According to Fletcher, MRI believes passive measurement could revolutionize the practice of measuring magazine usage for a number of reasons. For one, the accuracy of the data collected would not be degraded by a person's inadequate
memory of a magazine title or the product advertised. It would also remove the guesswork from tracking the duration of time a
reader kept the magazine open, or the number of seconds or minutes that person was exposed to particular magazine pages.
However, even if the planned tests generate very positive results, MRI does not intend to stop using its existing method for measuring magazine usage—conducting phone interviews with magazine readers—in the foreseeable future, since the cost of deploying and managing
RFID networks on a large scale would be prohibitive. What's more, the quickly evolving RFID technology landscape would soon render suboptimal any system it deploys. Rather, the company hopes to use data gathered through RFID to supplement its existing practice, until such a time as the use of the technology for measuring magazine usage matures.
To identify and secure the cooperation of companies with public waiting rooms that are interested in offering their venues as test sites, MRI is partnering with
DJG Marketing, a provider of outsourced media and marketing services for the publishing industry. Mattlin says DJG will assist MRI in developing partnerships with publishers for the secondary field tests that will involve a larger number of sites, as well as additional magazines and RFID equipment. Due to the higher costs that will be associated with these later tests, Mattlin says, buy-in from publishers will be vital.
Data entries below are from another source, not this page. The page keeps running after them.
lemma Nehari_Vnorm2_le_superlinear:
  assumes "(u, g) \<in> Nehari p V" and "1 < p" and "0 < v0" and v0: "\<And>x. v0 \<le> V x"
    and "p + 1 \<le> real (2 * m)" and "0 \<le> K"
    and "weighted_moment V u m \<le> ennreal K * energy V u g ^ m"
  shows "Vnorm2 V u g
    \<le> (p + 3) / (p + 1) / v0 * Vnorm2 V u g * (Vnorm2 V u g + K * Vnorm2 V u g ^ m)"
proof -
  define N where "N = Vnorm2 V u g"
  have H: "H1V V u g"
    and Nehari_eq: "N = (p + 3) / (p + 1) * L2norm2 u * (\<integral>x. V x * \<bar>u x\<bar> powr (p + 1) \<partial>lborel)"
    using assms(1) by (simp_all add: Nehari_def N_def)
  have W_le: "(\<integral>x. V x * \<bar>u x\<bar> powr (p + 1) \<partial>lborel) \<le> N + K * N ^ m"
    unfolding N_def by (rule H1V_powr_integral_le[OF H _ assms(5,6,7)]) (use \<open>1 < p\<close> in simp)
  note Nehari_eq
  also have "(p + 3) / (p + 1) * L2norm2 u * (\<integral>x. V x * \<bar>u x\<bar> powr (p + 1) \<partial>lborel)
      \<le> (p + 3) / (p + 1) * (N / v0) * (N + K * N ^ m)"
  proof (intro mult_mono mult_left_mono)
    show "L2norm2 u \<le> N / v0"
      unfolding N_def by (rule H1V_L2norm2_le[OF H \<open>0 < v0\<close> v0])
    show "0 \<le> (\<integral>x. V x * \<bar>u x\<bar> powr (p + 1) \<partial>lborel)"
      by (rule integral_nonneg_AE) simp
    show "0 \<le> (p + 3) / (p + 1) * (N / v0)"
      using \<open>1 < p\<close> \<open>0 < v0\<close> Vnorm2_nonneg by (simp add: N_def)
    show "0 \<le> L2norm2 u"
      unfolding L2norm2_def by (rule integral_nonneg_AE) simp
  qed (use \<open>1 < p\<close> W_le in simp_all)
  also have "\<dots> = (p + 3) / (p + 1) / v0 * N * (N + K * N ^ m)"
    by simp
  finally show ?thesis
    unfolding N_def .
qed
"We know that there is sensitivity in the public about the use of RFID technology," Mattlin says, adding that MRI has no means of using RFID to identify anyone handling, opening or closing the magazines during the field tests. However, he says, MRI is still determining the best way to alert the public to the fact that magazines at test sites will carry wireless electronics to track their usage.
Mattlin notes that advertisers and publishers are very interested in measuring magazine usage in public spaces. People have different reading habits and choices when in public buildings, such as a doctor's office or library, than they do at home, he says, but it's difficult to measure the usage of publications passed from one person to another, rather than purchased through a subscription. "There is a lot of reading that goes on in public spaces," he states, "and magazines with large subscription bases aren't always the ones with the largest audiences," since some titles have larger "pass-along" readership because they are read by many different people in public.